BEGIN Data records

(* Let $a\geq 3$ and $m\geq 2a^2-a+2$ be integers, and suppose $[C(m,a)]$ is colored with red and blue so that there is no monochromatic solution of $L(m,a)$ in $[C(m,a)]$, with both $a-2$ and $a-1$ red. Then $1$ is red.
   Context: For integers $m\geq 3$, $a\geq 1$, $L(m,a)$ denotes the equation $x_1+x_2+\cdots+x_{m-1}=a x_m$. For a positive integer $n$, $[n]=\{1,\dots,n\}$. A solution of $L(m,a)$ in $[n]$ is an $m$-tuple $(x_1,\dots,x_m)\in[n]^m$ (entries not necessarily distinct) satisfying the equation; given a 2-coloring of $[n]$, it is monochromatic if all $x_i$ have the same color. $C(m,a)$ denotes $\left\lceil \frac{m-1}{a}\left\lceil \frac{m-1}{a}\right\rceil\right\rceil$. *)

theory Defs
  imports Complex_Main
begin

definition Cma :: "nat \<Rightarrow> nat \<Rightarrow> nat" where
  "Cma m a = nat \<lceil>(real (m - 1) / real a) * real_of_int \<lceil>real (m - 1) / real a\<rceil>\<rceil>"

definition is_solution :: "nat \<Rightarrow> nat \<Rightarrow> nat \<Rightarrow> (nat \<Rightarrow> nat) \<Rightarrow> bool" where
  "is_solution m a n x \<longleftrightarrow>
     (\<forall>i\<in>{1..m}. x i \<in> {1..n}) \<and> (\<Sum>i=1..m-1. x i) = a * x m"

(* a 2-colouring is a map col :: nat => bool (True = red, False = blue), only its values on [n] matter *)
definition monochromatic :: "(nat \<Rightarrow> bool) \<Rightarrow> nat \<Rightarrow> (nat \<Rightarrow> nat) \<Rightarrow> bool" where
  "monochromatic col m x \<longleftrightarrow> (\<forall>i\<in>{1..m}. \<forall>j\<in>{1..m}. col (x i) = col (x j))"

definition no_mono_solution :: "nat \<Rightarrow> nat \<Rightarrow> nat \<Rightarrow> (nat \<Rightarrow> bool) \<Rightarrow> bool" where
  "no_mono_solution m a n col \<longleftrightarrow>
     \<not> (\<exists>x. is_solution m a n x \<and> monochromatic col m x)"

end

theory Submission
  imports Defs
begin

(* Proof idea (following the paper).  Write s = m - 1, b = a - 2, and suppose 1 is blue;
   note that s <= C(m,a), so entries up to s are allowed.

   (1) Window lemma: every v with s b <= a v <= s (b + 1) is blue.  Otherwise splitting a v
       into s nearly equal parts, all equal to b or b + 1 and hence red, and taking x_m = v
       gives a red solution.
   (2) The number k = s(b+1) div a lies in that window.  Put T = a k - (s - (b+1)), split T
       into b + 1 nearly equal parts q or q + 1 (q = T div (b+1)) and pad with s - (b+1)
       ones; with x_m = k this is a solution.  The bound m >= 2a^2 - a + 2 forces q and
       q + 1 into the window, so the whole solution is blue -- a contradiction. *)

definition balanced :: "nat \<Rightarrow> nat \<Rightarrow> nat \<Rightarrow> nat" where
  "balanced c T i = T div c + (if i \<le> T mod c then 1 else 0)"

lemma sum_balanced:
  assumes "0 < c"
  shows "(\<Sum>i=1..c. balanced c T i) = T"
proof -
  have "(\<Sum>i=1..c. balanced c T i) = c * (T div c) + (\<Sum>i=1..c. if i \<le> T mod c then 1 else 0::nat)"
    by (simp add: balanced_def sum.distrib)
  also have "(\<Sum>i=1..c. if i \<le> T mod c then 1 else 0::nat) = card {i\<in>{1..c}. i \<le> T mod c}"
    by (simp add: sum.If_cases) (rule arg_cong[where f = card], auto)
  also have "{i\<in>{1..c}. i \<le> T mod c} = {1..T mod c}"
    using mod_less_divisor[OF assms, of T] by auto
  finally show ?thesis by simp
qed

lemma balanced_range:
  assumes "0 < c" "c * u \<le> T" "T \<le> c * (u + 1)" "1 \<le> i"
  shows "balanced c T i = u \<or> balanced c T i = u + 1"
proof -
  have lower: "u \<le> T div c"
    using div_le_mono[OF assms(2), of c] assms(1) by simp
  have upper: "T div c \<le> u + 1"
    using div_le_mono[OF assms(3), of c] assms(1) by simp
  have "T div c = u \<or> T div c = u + 1"
    using lower upper by linarith
  moreover have "T mod c = 0" if "T div c = u + 1"
    using that assms(3) div_mult_mod_eq[of T c] by (simp add: algebra_simps)
  ultimately show ?thesis
    using assms(4) unfolding balanced_def by auto
qed

lemma no_mono_solutionD:
  assumes "no_mono_solution m a n col"
    and "\<forall>i\<in>{1..m}. x i \<in> {1..n}"
    and "(\<Sum>i=1..m-1. x i) = a * x m"
    and "\<forall>i\<in>{1..m}. col (x i) = col (x m)"
  shows False
  using assms unfolding no_mono_solution_def is_solution_def monochromatic_def by metis

lemma padded_balanced_solution:
  assumes nomono: "no_mono_solution m a n col"
    and m: "m = Suc s" and c: "0 < c" "c \<le> s"
    and T: "c * q \<le> T" "T \<le> c * (q + 1)"
    and sum: "T + (s - c) * p = a * k"
    and range: "1 \<le> q" "q + 1 \<le> n" "1 \<le> p" "p \<le> n" "1 \<le> k" "k \<le> n"
    and colour: "col q = col k" "col (q + 1) = col k" "col p = col k"
  shows False
proof -
  define x where "x i = (if i = m then k else if i \<le> c then balanced c T i else p)" for i
  have entries: "x i = k \<or> x i = q \<or> x i = q + 1 \<or> x i = p" if "1 \<le> i" for i
    using that balanced_range[OF c(1) T] unfolding x_def by auto
  have "\<forall>i\<in>{1..m}. x i \<in> {1..n}"
    using entries range by fastforce
  moreover have "\<forall>i\<in>{1..m}. col (x i) = col (x m)"
    using entries colour unfolding x_def by fastforce
  moreover have "(\<Sum>i=1..m-1. x i) = a * x m"
  proof -
    have "(\<Sum>i=1..m-1. x i) = (\<Sum>i=1..c. x i) + (\<Sum>i=c+1..s. x i)"
      using sum.ub_add_nat[of 1 c x "s - c"] c m by simp
    also have "(\<Sum>i=1..c. x i) = (\<Sum>i=1..c. balanced c T i)"
      using c m unfolding x_def by (intro sum.cong) auto
    also have "(\<Sum>i=c+1..s. x i) = (\<Sum>i=c+1..s. p)"
      using m unfolding x_def by (intro sum.cong) auto
    finally show ?thesis
      using sum sum_balanced[OF c(1)] m unfolding x_def by simp
  qed
  ultimately show False
    using no_mono_solutionD[OF nomono] by blast
qed

(* v lies in the window of u when a v is between s u and s (u + 1), i.e. a v can be split
   into s parts each equal to u or u + 1. *)
definition window :: "nat \<Rightarrow> nat \<Rightarrow> nat \<Rightarrow> nat \<Rightarrow> bool" where
  "window s a u v \<longleftrightarrow> s * u \<le> a * v \<and> a * v \<le> s * (u + 1)"

lemma window_bounds:
  assumes "window s a u v" "1 \<le> u" "u < a" "1 \<le> s"
  shows "1 \<le> v" "v \<le> s"
proof -
  have "1 \<le> s * u" using assms(2,4) by simp
  then show "1 \<le> v"
    using assms(1) unfolding window_def by (cases v) auto
  have "a * v \<le> s * (u + 1)"
    using assms(1) unfolding window_def by simp
  also have "\<dots> \<le> s * a"
    using assms(3) by (intro mult_le_mono2) simp
  finally show "v \<le> s"
    using assms(3) by simp
qed

(* If u and u + 1 are red, every v in the window of u is blue: split a v into s parts. *)
lemma window_blue:
  assumes nomono: "no_mono_solution m a n red"
    and m: "m = Suc s" and s: "a \<le> s" "s \<le> n"
    and u: "1 \<le> u" "u < a" and red: "red u" "red (u + 1)"
    and v: "window s a u v"
  shows "\<not> red v"
proof
  assume "red v"
  have "1 \<le> v" "v \<le> s"
    using window_bounds[OF v u] s u by auto
  then show False
    using padded_balanced_solution[OF nomono m, of s u "a * v" v v] v s u red \<open>red v\<close>
    unfolding window_def by (simp add: mult.commute)
qed

(* If a^2 <= m - 1 then m - 1 <= C(m,a), since C(m,a) >= ((m-1)/a)^2 >= m - 1. *)
lemma cma_ge:
  assumes "1 \<le> a" "a * a \<le> m - 1"
  shows "m - 1 \<le> Cma m a"
proof -
  define t where "t = real (m - 1) / real a"
  have "real a * real a \<le> real (m - 1)"
    using assms(2) by (metis of_nat_le_iff of_nat_mult)
  then have "real a \<le> t"
    using assms(1) unfolding t_def by (simp add: field_simps)
  have "real (m - 1) = t * real a"
    using assms(1) unfolding t_def by simp
  also have "\<dots> \<le> t * t"
    using \<open>real a \<le> t\<close> by (intro mult_left_mono) auto
  also have "\<dots> \<le> t * real_of_int \<lceil>t\<rceil>"
    using \<open>real a \<le> t\<close> by (intro mult_left_mono le_of_int_ceiling) auto
  finally show ?thesis
    unfolding Cma_def t_def by linarith
qed

lemma window_witnesses:
  fixes b s :: nat
  assumes b: "1 \<le> b" and s: "2 * (b + 1) * (b + 2) \<le> s"
  obtains k T where "window s (b + 2) b k"
    and "T + (s - (b + 1)) = (b + 2) * k"
    and "window s (b + 2) b (T div (b + 1))" "window s (b + 2) b (T div (b + 1) + 1)"
proof -
  define k where "k = s * (b + 1) div (b + 2)"
  define e where "e = s * (b + 1) mod (b + 2)"
  define T where "T = s * b + (b + 1 - e)"
  define q where "q = T div (b + 1)"
  have k: "(b + 2) * k + e = s * (b + 1)"
    unfolding k_def e_def by (rule div_mult_mod_eq[of _ "b + 2", unfolded mult.commute[of _ "b + 2"]])
  have e: "e \<le> b + 1"
    unfolding e_def using mod_less_divisor[of "b + 2" "s * (b + 1)"] by simp
  have "window s (b + 2) b k"
    using k e s unfolding window_def by (simp add: algebra_simps)
  moreover have "T + (s - (b + 1)) = (b + 2) * k"
    using k e s unfolding T_def by (simp add: algebra_simps)
  moreover have "window s (b + 2) b q" "window s (b + 2) b (q + 1)"
  proof -
    have q_lower: "(b + 1) * q \<le> T"
      unfolding q_def by (rule times_div_less_eq_dividend)
    have q_upper: "T \<le> (b + 1) * q + b"
      unfolding q_def using dividend_less_times_div[of "b + 1" T] by (simp add: algebra_simps)
    have "b + 2 \<le> s"
      using s mult_le_mono1[of 1 "2 * (b + 1)" "b + 2"] by simp
    then have "(b + 2) * b \<le> s * b"
      by (rule mult_le_mono1)
    then have "(b + 1) * b \<le> (b + 1) * q"
      using q_upper unfolding T_def by (simp add: algebra_simps)
    then have "b \<le> q"
      using mult_le_cancel1[of "b + 1" b q] by simp
    then have "s * b \<le> (b + 2) * q"
      using q_upper unfolding T_def by (simp add: algebra_simps)
    moreover have "(b + 2) * (q + 1) \<le> s * (b + 1)"
    proof -
      have "(b + 1) * ((b + 2) * (q + 1)) = (b + 2) * ((b + 1) * q + (b + 1))"
        by (simp add: algebra_simps)
      also have "\<dots> \<le> (b + 2) * (s * b + 2 * (b + 1))"
        using q_lower unfolding T_def by (intro mult_le_mono2) simp
      also have "\<dots> = (b + 2) * b * s + 2 * (b + 1) * (b + 2)"
        by (simp add: algebra_simps)
      also have "\<dots> \<le> (b + 1) * (s * (b + 1))"
        using s by (simp add: algebra_simps)
      finally show ?thesis
        by (subst (asm) mult_le_cancel1) simp
    qed
    ultimately show "window s (b + 2) b q" "window s (b + 2) b (q + 1)"
      unfolding window_def by (simp_all add: algebra_simps)
  qed
  ultimately show ?thesis
    using that unfolding q_def by blast
qed

theorem lemma5:
  fixes a m :: nat and red :: "nat \<Rightarrow> bool"
  assumes "a \<ge> 3"
    and "m \<ge> 2 * a^2 - a + 2"
    and "no_mono_solution m a (Cma m a) red"
    and "red (a - 2)" and "red (a - 1)"
  shows "red 1"
proof (rule ccontr)
  assume blue_one: "\<not> red 1"
  define b where "b = a - 2"
  define s where "s = m - 1"
  have a: "a = b + 2" and b: "1 \<le> b"
    using assms(1) unfolding b_def by simp_all
  have "2 * (b + 1) * (b + 2) + (b + 2) \<le> 2 * a^2"
    unfolding a by (simp add: power2_eq_square algebra_simps)
  then have s: "2 * (b + 1) * (b + 2) \<le> s" and m: "m = Suc s"
    using assms(2) a unfolding s_def by linarith+
  have n: "s \<le> Cma m a"
    using cma_ge[of a m] s unfolding a s_def by (simp add: algebra_simps)
  have blue: "\<not> red v" if "window s a b v" for v
    using window_blue[OF assms(3) m _ n _ _ _ _ that] assms(4,5) b s unfolding a by simp
  have bounds: "1 \<le> v \<and> v \<le> s" if "window s a b v" for v
    using window_bounds[OF that] b s unfolding a by simp
  obtain k T where k: "window s a b k" and sum: "T + (s - (b + 1)) = a * k"
    and q: "window s a b (T div (b + 1))" "window s a b (T div (b + 1) + 1)"
    using window_witnesses[OF b s, unfolded a[symmetric]] by blast
  have "(b + 1) * (T div (b + 1)) \<le> T"
    by (rule times_div_less_eq_dividend)
  moreover have "T \<le> (b + 1) * (T div (b + 1) + 1)"
    using dividend_less_times_div[of "b + 1" T] by (simp add: algebra_simps)
  ultimately show False
    using padded_balanced_solution[OF assms(3) m, of "b + 1" "T div (b + 1)" T 1 k]
      sum blue k q bounds[OF k] bounds[OF q(1)] bounds[OF q(2)] blue_one n s by simp
qed

end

END Data records

§ Your instructions: Only the lines above starting with the one with "i) = (\<Sum>i=c+1..s." and going through the one with "(* v lies in" are to be copied, word for word and with both ends kept.

§ Reply to the task:
    also have "(\<Sum>i=c+1..s. x i) = (\<Sum>i=c+1..s. p)"
      using m unfolding x_def by (intro sum.cong) auto
    finally show ?thesis
      using sum sum_balanced[OF c(1)] m unfolding x_def by simp
  qed
  ultimately show False
    using no_mono_solutionD[OF nomono] by blast
qed

(* v lies in the window of u when a v is between s u and s (u + 1), i.e. a v can be split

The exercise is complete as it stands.